# Wanted: "Swing Bike" knowledge



## Rambler (Oct 30, 2020)

I recently purchased a "Swing Bike" and trying to figure out a few things. 

Did they all have a front caliper brake?

On another CABE blog, someone mentioned the they came in green, blue, orange and yellow. Any other colors correct or is that it?

Does anyone know where I can obtain decals for it? Someone on another CABE blog mentioned "Swing Bike" decals were available on ebay but my search turned up nothing on ebay.





While browsing photos on the internet I see two different configurations for the crank. With chain guard or with pants protector metal disk over the sprocket. Are both configurations correct? 

I also see 3 possible sprocket patterns here, are all 3 correct and are there others beyond these 3 that are correct?

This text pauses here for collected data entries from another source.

(* Consider the inexact proximal method described in the context, and assume $F'(x_i)\ne0$ for all iterates considered. Let $\varepsilon>0$ and $K\ge1$ be such that $F(x_k)-F^*\ge\varepsilon$ for $1\le k\le K$. Then for every $1\le k\le K$, $$F(\bar x_k)-F^*\le\frac{L_p\big(\|x_0-x^*\|+\sum_{i=1}^k\delta_i\big)^{p+1}}{k^{\frac{p+1}{2}}}\cdot\frac{(p+1)2^{p-2}V_k(\varepsilon)}{p!},$$ where $\bar x_k=\frac{\sum_{i=1}^ka_ix_i}{\sum_{i=1}^ka_i}$ and $V_k(\varepsilon)=\Big(\frac{\|F'(x_0)\|_*\big(\|x_0-x^*\|+\sum_{i=1}^k\delta_i\big)}{\varepsilon}\Big)^{\frac{p-1}{k}}$.
   Context: $\mathbb{E}$ is a finite-dimensional real vector space with dual $\mathbb{E}^*$; $B:\mathbb{E}\to\mathbb{E}^*$ is a fixed self-adjoint positive-definite operator, $\|x\|=\langle Bx,x\rangle^{1/2}$, $\|g\|_*=\langle g,B^{-1}g\rangle^{1/2}$. Let $p\ge 2$ be an integer, $h:\mathbb{E}\to\mathbb{R}\cup\{+\infty\}$ proper closed convex, and $f$ convex and $p$ times differentiable on an open convex set containing $\operatorname{dom}h$, with $\|D^pf(x)-D^pf(y)\|\le L_p\|x-y\|$ for $x,y\in\operatorname{dom}h$, $0<L_p<\infty$, where for a symmetric $p$-linear form $\|A\|=\max_{\|u\|\le1}|A[u]^p|$. $F=f+h$, attaining its minimum $F^*$ at $x^*\in\operatorname{dom}h$. Inexact proximal method: given $x_0\in\operatorname{dom}h$, a fixed subgradient $F'(x_0)\in\partial F(x_0)$, and accuracies $\delta_k\ge0$ ($k\ge1$). For $k\ge0$: set $a_{k+1}=\big(\frac{1}{2\|F'(x_k)\|_*}\big)^{\frac{p-1}{p}}\big(\frac{p!}{(p+1)L_p}\big)^{1/p}$ and $\Phi_{k+1}(x)=a_{k+1}F(x)+\frac12\|x-x_k\|^2$; find $x_{k+1}$ and $g_{k+1}\in\partial\Phi_{k+1}(x_{k+1})$ with $\|g_{k+1}\|_*\le\delta_{k+1}$, and set $F'(x_{k+1})=\frac{1}{a_{k+1}}(g_{k+1}-B(x_{k+1}-x_k))$. *)

theory Defs
  imports "HOL-Analysis.Analysis"
begin

text \<open>The space E is a euclidean_space type; E* is identified with E via the
inner product, so a linear functional g acts as x \<mapsto> g \<bullet> x.
B : E \<rightarrow> E* is then a linear self-map of E.\<close>

definition Bnorm :: "('a::euclidean_space \<Rightarrow> 'a) \<Rightarrow> 'a \<Rightarrow> real" where
  "Bnorm B x = sqrt (B x \<bullet> x)"

definition Bdnorm :: "('a::euclidean_space \<Rightarrow> 'a) \<Rightarrow> 'a \<Rightarrow> real" where
  "Bdnorm B g = sqrt (g \<bullet> inv B g)"

definition selfadj_posdef :: "('a::euclidean_space \<Rightarrow> 'a) \<Rightarrow> bool" where
  "selfadj_posdef B \<longleftrightarrow> linear B \<and> (\<forall>x y. B x \<bullet> y = x \<bullet> B y) \<and> (\<forall>x. x \<noteq> 0 \<longrightarrow> B x \<bullet> x > 0)"

definition edom :: "('a \<Rightarrow> ereal) \<Rightarrow> 'a set" where
  "edom h = {x. h x \<noteq> \<infinity>}"

definition proper_closed_convex :: "('a::euclidean_space \<Rightarrow> ereal) \<Rightarrow> bool" where
  "proper_closed_convex h \<longleftrightarrow>
     (\<forall>x. h x \<noteq> -\<infinity>) \<and> (\<exists>x. h x \<noteq> \<infinity>) \<and>
     (\<forall>x y t. 0 \<le> t \<and> t \<le> 1 \<longrightarrow>
        h ((1 - t) *\<^sub>R x + t *\<^sub>R y) \<le> ereal (1 - t) * h x + ereal t * h y) \<and>
     closed {(x, t::real). h x \<le> ereal t}"

definition subdiff :: "('a::euclidean_space \<Rightarrow> ereal) \<Rightarrow> 'a \<Rightarrow> 'a set" where
  "subdiff G x = {g. \<forall>y. G y \<ge> G x + ereal (g \<bullet> (y - x))}"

Thank you to anyone that can help with information.


----------



## rfeagleye (Oct 30, 2020)

I know a little about them...

Here is a picture of an NOS Swing Bike. There are front brakes on the bikes:





There are two styles of the bikes/sprocket. The first ones made had a chainguard, then they switched to a pie plate chainguard later. The first sprocket you listed is from an AMF bike, it is not an original Swing Bike sprocket. I'm not sure if that is the correct chainguard for the bike, but I know the early ones did have a guard.

The problem with some of the internet pictures is that the parts for the bikes are a little hard to find. So people use what they have to make the bikes ridable.

You just missed a set of decals on eBay, someone was selling a set this week. I see them from time to time listed there for sale, if another set pops up I can try and give you a heads up.

Good luck with your project!


----------



## Rambler (Oct 30, 2020)

@sworley , Very nice "Swing Bike" you have there. Thank you for the information, this helps. 

Yes please do let me know if you see any decal sets come up for sale.


----------



## rfeagleye (Oct 30, 2020)

Oh that one isn't mine, I stole that picture from the internet


----------



## stingrayjoe (Oct 31, 2020)

Here are some 35mm photos of a bike I bought about 25 yrs ago.


----------



## redline1968 (Oct 31, 2020)

This ones all original but the sissy bar ( still have it too).


----------



## Rambler (Oct 31, 2020)

@stingrayjoe and @redline1968 thank you both for posting the photos of your bikes, that is very helpful allowing me to determine what is original and what is not for my bike.


----------



## Goldenrod (Nov 9, 2020)

I saw a beat up Swing bike frame at the Portland IN. meet around 1994.  My friend told me what it was and then tracked one down and let me buy it for $150.  I rode it in a parade showing off.  When I fell, the audience cheered.  The bike and I were not hurt but it was one of my favorite mornings.  Mine was never used.  Note the foot kick stand is adjustable 20, 24, 26 inch. It did not come with the bike.
   Then I bought a homemade one at the Memory Lane swap about three years ago and tricked it out.  Years ago, a fireman in some town, made these for kids who wanted to ride them in a town parade.  It is made from a girls Schwinn and one



doner head tune.   It is more stable to ride because it is 26 inch and the oval bars are more level with equal size wheels.  Note: The old Schwinn tubes were made into an oval and the top of the old headset is plugged with a quarter.  I am 75 years old and this is my favorite parade bike.  It is like riding a snake with two Schwinn badges. There is a Tube video of another 26 inch ridden (very well) by a kid.


----------



## Goldenrod (Nov 9, 2020)

stingrayjoe said:


> Here are some 35mm photos of a bike I bought about 25 yrs ago.
> 
> View attachment 1293932
> 
> ...




Fat little Jimmy Osmand (see picture) rode and sold these on his brother and sister's TV show.  He did tricks. Year?


----------